Özener, bu depremlerin birbirinden farklı iki kol üzerindeki depremler olduğunu belirterek, “Önceki yıllarda da Marmara Bölgesi’nde yılda yaklaşık ortalama 900 tane depremimiz var. Bu 900 depremin 4 ila 5 tanesi, 4’ün üzerinde depremler. Dolayısıyla aslında bu yıl içinde de baktığımız gibi bunlar normal sismik aktivite yoğunluğu içerisinde değerlendirilebilir” dedi.
“BÜYÜK DEPREM BEKLENTİSİNDE BİLİM İNSANLARI HEMFİKİR”
Marmara Bölgesi’nde büyük bir deprem beklendiğini belirten Özener, “Bu dünya üzerindeki bütün bilim insanlarının hemfikir olduğu bir konu. Böyle bir depremi maalesef biz göreceğiz. Biz toplum olarak, karar vericileri olarak bu depreme ne kadar hazırız? Biz bu konuda yoğunlaşsak aslında, deprem zararlarının azaltılması yönünde çabalarımızı yoğunlaştırsak daha faydalı olacağı kanaatindeyim” diye konuştu.
“GÜNDE 80-100 DEPREM OLUYOR”
Prof. Dr. Özener, 6 Şubat’ta yaşanan depremlerden dolayı Türkiye’de 2023 yılının çok yoğun geçtiğini kaydederek, “55 binin üzerinde deprem oldu şu ana kadar. Ama bu büyüklükte bir deprem olmasa dahi, yaklaşık 20-25 bin her yıl ortalama deprem oluyor. Yani günde 80 ila 100 arasında tüm Türkiye’de ve yakın çevresinde depremler olmakta. Yani maalesef ülkemiz bir deprem ülkesi. Bunu kabul edip bununla birlikte yaşamamız lazım” diye konuştu.

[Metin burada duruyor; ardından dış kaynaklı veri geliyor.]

(* Let $M$ be a Banach manifold, $K\in C^\infty(M\times M,\mathbb C)$ a smooth positive definite kernel with reproducing kernel Hilbert space $\mathcal H_K\subseteq C^\infty(M,\mathbb C)$, and $V$ a $K$-symmetric vector field on $M$ with local flow $\phi^V_t$. Then for every $m\in M$, \[\mathcal L_VK_m=\frac{d}{dt}\Big|_{t=0}K_{\phi^V_t m}\in\mathcal H_K\] (derivative in $\mathcal H_K$). In particular $\mathcal H_K^0\subseteq\mathcal D_V$ and $\mathcal L_V|_{\mathcal H_K^0}$ is symmetric. Moreover, for every $\varphi\in\mathcal H_K$ and $m\in M$, $\langle\varphi,\mathcal L_VK_m\rangle=(\mathcal L_V\varphi)(m)$.
   Context: $\mathcal H_K$ is the Hilbert space of functions on $M$ with $f(m)=\langle f,K_m\rangle$, where $K_m(x)=K(x,m)$ and the inner product is linear in the first argument; $\mathcal H_K^0$ is the span of $\{K_m:m\in M\}$. For a vector field $V$, $(\mathcal L_V\varphi)(m)=\frac{d}{dt}|_{t=0}\varphi(\phi^V_t m)$, and $\mathcal D_V:=\{\varphi\in\mathcal H_K:\mathcal L_V\varphi\in\mathcal H_K\}$. $V$ is $K$-symmetric if $(\mathcal L_VK_m)(n)=\overline{(\mathcal L_VK_n)(m)}$ for all $m,n\in M$. *)

theory Defs
  imports "HOL-Analysis.Analysis"
begin

text \<open>The k-th derivative at a point is represented as a bounded k-multilinear map,
encoded as a function on lists of length k of directions.\<close>

definition mlnorm :: "nat \<Rightarrow> ('a::real_normed_vector list \<Rightarrow> 'b::real_normed_vector) \<Rightarrow> real" where
  "mlnorm k A = (SUP vs \<in> {vs. length vs = k \<and> (\<forall>v\<in>set vs. norm v \<le> 1)}. norm (A vs))"

definition bounded_multilinear_k :: "nat \<Rightarrow> ('a::real_normed_vector list \<Rightarrow> 'b::real_normed_vector) \<Rightarrow> bool" where
  "bounded_multilinear_k k A \<longleftrightarrow>
     (\<forall>vs i. length vs = k \<and> i < k \<longrightarrow> linear (\<lambda>h. A (vs[i := h]))) \<and>
     (\<exists>C. \<forall>vs. length vs = k \<longrightarrow> norm (A vs) \<le> C * prod_list (map norm vs))"

definition smooth_on :: "'a::real_normed_vector set \<Rightarrow> ('a \<Rightarrow> 'b::real_normed_vector) \<Rightarrow> bool" where
  "smooth_on S f \<longleftrightarrow> open S \<and>
     (\<exists>F :: nat \<Rightarrow> 'a \<Rightarrow> 'a list \<Rightarrow> 'b.
        (\<forall>x\<in>S. F 0 x [] = f x) \<and>
        (\<forall>k. \<forall>x\<in>S. bounded_multilinear_k k (F k x) \<and>
           ((\<lambda>y. mlnorm k (\<lambda>vs. F k y vs - F k x vs - F (Suc k) x ((y - x) # vs)) / norm (y - x))
               \<longlongrightarrow> 0) (at x) \<and>
           ((\<lambda>y. mlnorm (Suc k) (\<lambda>vs. F (Suc k) y vs - F (Suc k) x vs)) \<longlongrightarrow> 0) (at x)))"

section \<open>Banach manifolds (the manifold is the whole type 'm with its topology)\<close>

type_synonym ('m, 'e) chart = "'m set \<times> ('m \<Rightarrow> 'e)"

definition banach_manifold :: "('m::topological_space, 'e::banach) chart set \<Rightarrow> bool" where
  "banach_manifold A \<longleftrightarrow>
     (\<forall>(U,\<psi>)\<in>A. open U \<and> open (\<psi> ` U) \<and> (\<exists>g. homeomorphism U (\<psi> ` U) \<psi> g)) \<and>
     \<Union>(fst ` A) = UNIV \<and>
     (\<forall>(U,\<psi>)\<in>A. \<forall>(V,\<rho>)\<in>A. smooth_on (\<psi> ` (U \<inter> V)) (\<rho> \<circ> inv_into U \<psi>))"

definition smooth_fun :: "('m, 'e::real_normed_vector) chart set \<Rightarrow> ('m \<Rightarrow> 'b::real_normed_vector) \<Rightarrow> bool" where
  "smooth_fun A f \<longleftrightarrow> (\<forall>(U,\<psi>)\<in>A. smooth_on (\<psi> ` U) (f \<circ> inv_into U \<psi>))"

definition smooth_kernel :: "('m, 'e::real_normed_vector) chart set \<Rightarrow> ('m \<Rightarrow> 'm \<Rightarrow> 'b::real_normed_vector) \<Rightarrow> bool" where
  "smooth_kernel A K \<longleftrightarrow> (\<forall>(U,\<psi>)\<in>A. \<forall>(V,\<rho>)\<in>A.
      smooth_on (\<psi> ` U \<times> \<rho> ` V) (\<lambda>(x,y). K (inv_into U \<psi> x) (inv_into V \<rho> y)))"

text \<open>A smooth vector field, given by its local representatives v c in each chart c,
compatible under the derivatives of the transition maps.\<close>
definition vector_field :: "('m, 'e::real_normed_vector) chart set \<Rightarrow> (('m, 'e) chart \<Rightarrow> 'e \<Rightarrow> 'e) \<Rightarrow> bool" where
  "vector_field A v \<longleftrightarrow>
     (\<forall>(U,\<psi>)\<in>A. smooth_on (\<psi> ` U) (v (U,\<psi>))) \<and>
     (\<forall>(U,\<psi>)\<in>A. \<forall>(V,\<rho>)\<in>A. \<forall>x\<in>U \<inter> V. \<forall>D.
        ((\<rho> \<circ> inv_into U \<psi>) has_derivative D) (at (\<psi> x)) \<longrightarrow> D (v (U,\<psi>) (\<psi> x)) = v (V,\<rho>) (\<rho> x))"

“KONUSU OLMADIĞI HALDE YORUM YAPIYORLAR”
İstanbul Teknik Üniversitesi (İTÜ) Jeoloji Mühendisliği Bölümü Öğretim Üyesi Prof. Dr. Ziyadin Çakır da Marmara Denizi üzerinde son bir ayda birçok şehirden hissedilen hafif ve orta şiddetli depremlerin, fay hatları üzerindeki etkilerini anlattı.
Çakır, sosyal medya üzerinde depremlerle ilgili çok fazla spekülatif bilgi yayıldığını, konusu olmadığı halde birçok uzmanın da yorum yaptığını söyledi.
Deprem konusunun hayati bir öneme sahip olduğunu belirten Çakır, “Deprem belli bir uzmanlık alanı. Her yer bilimci, jeolog ya da jeofizikçi deprem çalışmıyor. Maalesef son depremlerden bu yana hiç deprem üzerine çalışmayan da yorum yapıyor. Çoğu yetersiz, temel bilgilerle yanlış bir şekilde yapılıyor” diye konuştu.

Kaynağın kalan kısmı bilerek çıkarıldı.